> _YOUR TASK_: Tally the lines in the data that follows that include the word "shows", and report nothing but the total.

> _RECORDS PROVIDED_:
********************

(* Let $\mu_1\in\mathbb{R}$, $\sigma_1,\sigma_a,\sigma_b>0$ and $k>0$. Consider three stocks with positive prices $p_{1t},p_{2t},p_{3t}$ at discrete times $t$, such that $$\log(p_{1,t+1})=\log(p_{1t})+\mu_1+\delta_{1,t+1},\quad \epsilon_{at}:=\log(p_{2t})-\log(p_{1t}),\quad \epsilon_{bt}:=\log(p_{3t})-\log(p_{1t}),$$ where the $\delta_{1t}$ are i.i.d. $N(0,\sigma_1^2)$, the $\epsilon_{at}$ are i.i.d. $N(0,\sigma_a^2)$, the $\epsilon_{bt}$ are i.i.d. $N(0,\sigma_b^2)$, and the three families $(\delta_{1t})_t$, $(\epsilon_{at})_t$, $(\epsilon_{bt})_t$ are mutually independent. Define stock returns $r_{i,t+1}=p_{i,t+1}/p_{it}-1$, signals $$S_{at}=\mathbb{1}\{\epsilon_{at}\le -k\sigma_a\}-\mathbb{1}\{\epsilon_{at}\ge k\sigma_a\},\qquad S_{bt}=\mathbb{1}\{\epsilon_{bt}\le -k\sigma_b\}-\mathbb{1}\{\epsilon_{bt}\ge k\sigma_b\},$$ and pair returns $r_{a,t+1}=S_{at}(r_{2,t+1}-r_{1,t+1})$, $r_{b,t+1}=S_{bt}(r_{3,t+1}-r_{1,t+1})$. Then $$\operatorname{Cov}(r_{a,t},r_{b,t})=\big(e^{\sigma_1^2}-1\big)\,\mathbf{E}[r_{a,t}]\,\mathbf{E}[r_{b,t}].$$
   Context: Pairs $a=$ (stock 1, stock 2) and $b=$ (stock 1, stock 3) are two cointegrated pairs sharing stock 1. *)

theory Defs
  imports "HOL-Probability.Probability"
begin

definition ret :: "(nat \<Rightarrow> real) \<Rightarrow> nat \<Rightarrow> real" where
  "ret p t = p (Suc t) / p t - 1"

definition signal :: "real \<Rightarrow> real \<Rightarrow> real \<Rightarrow> real" where
  "signal k \<sigma> e = (if e \<le> - k * \<sigma> then 1 else 0) - (if e \<ge> k * \<sigma> then 1 else 0)"

definition pair_ret :: "real \<Rightarrow> real \<Rightarrow> (nat \<Rightarrow> real) \<Rightarrow> (nat \<Rightarrow> real) \<Rightarrow> (nat \<Rightarrow> real) \<Rightarrow> nat \<Rightarrow> real" where
  "pair_ret k \<sigma> eps p q t = signal k \<sigma> (eps t) * (ret q t - ret p t)"

definition cov :: "'a measure \<Rightarrow> ('a \<Rightarrow> real) \<Rightarrow> ('a \<Rightarrow> real) \<Rightarrow> real" where
  "cov M X Y = (\<integral>\<omega>. X \<omega> * Y \<omega> \<partial>M) - (\<integral>\<omega>. X \<omega> \<partial>M) * (\<integral>\<omega>. Y \<omega> \<partial>M)"

text \<open>Joint family of all innovations: index (0,t) = delta_1t, (1,t) = eps_at, (2,t) = eps_bt.\<close>
definition innov :: "(nat \<Rightarrow> 'a \<Rightarrow> real) \<Rightarrow> (nat \<Rightarrow> 'a \<Rightarrow> real) \<Rightarrow> (nat \<Rightarrow> 'a \<Rightarrow> real) \<Rightarrow> nat \<times> nat \<Rightarrow> 'a \<Rightarrow> real" where
  "innov d ea eb i = (if fst i = 0 then d (snd i) else if fst i = 1 then ea (snd i) else eb (snd i))"

end

(*
  Both pair returns contain the gross return G = p1(t+1)/p1(t) = exp(mu1 + delta1(t+1)) of the
  common stock: r_a = G A and r_b = G B, where A = S_a(t) (exp(eps_a(t+1) - eps_a(t)) - 1) and
  B is the analogue for eps_b. The factors G, A, B are functions of disjoint sets of independent
  innovations, hence independent, so Cov(GA, GB) = (E[G^2] - E[G]^2) E[A] E[B]. For the
  lognormal G, E[G^2] = exp(sigma1^2) E[G]^2, and E[GA] = E[G] E[A], E[GB] = E[G] E[B].
*)
theory Submission
  imports Defs
begin

lemma pair_ret_eq_growth_mult:
  assumes pos: "\<And>t. p t > 0" "\<And>t. q t > 0"
    and e: "\<And>t. e t = ln (q t) - ln (p t)"
  shows "pair_ret k \<sigma> e p q s = p (Suc s) / p s * (signal k \<sigma> (e s) * (exp (e (Suc s) - e s) - 1))"
proof -
  have "exp (e t) = q t / p t" for t
    using e[of t] pos by (simp add: exp_diff)
  then have "exp (e (Suc s) - e s) = (q (Suc s) / p (Suc s)) / (q s / p s)"
    by (simp add: exp_diff)
  then show ?thesis
    unfolding pair_ret_def ret_def using pos[of s] pos[of "Suc s"] by (simp add: field_simps)
qed

lemma has_bochner_integral_normal_density_exp:
  fixes \<sigma> c :: real
  assumes "\<sigma> > 0"
  shows "has_bochner_integral lborel (\<lambda>x. normal_density 0 \<sigma> x * exp (c * x)) (exp (c\<^sup>2 * \<sigma>\<^sup>2 / 2))"
proof -
  \<comment> \<open>Completing the square: the tilted density is the normal density with mean \<open>c \<sigma>\<^sup>2\<close>.\<close>
  have shift: "normal_density 0 \<sigma> x * exp (c * x) = exp (c\<^sup>2 * \<sigma>\<^sup>2 / 2) * normal_density (c * \<sigma>\<^sup>2) \<sigma> x" for x
  proof -
    have "-(x - 0)\<^sup>2 / (2 * \<sigma>\<^sup>2) + c * x = c\<^sup>2 * \<sigma>\<^sup>2 / 2 + (-(x - c * \<sigma>\<^sup>2)\<^sup>2 / (2 * \<sigma>\<^sup>2))"
      using assms by (simp add: field_simps power2_eq_square)
    then show ?thesis
      unfolding normal_density_def by (simp add: exp_add[symmetric] algebra_simps)
  qed
  have "has_bochner_integral lborel (normal_density (c * \<sigma>\<^sup>2) \<sigma>) 1"
    using assms has_bochner_integral_integrable[OF integrable_normal_density] by simp
  from has_bochner_integral_mult_right[OF this, of "exp (c\<^sup>2 * \<sigma>\<^sup>2 / 2)"]
  show ?thesis unfolding shift by simp
qed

********************

> _EXERCISE SOLUTION_: 2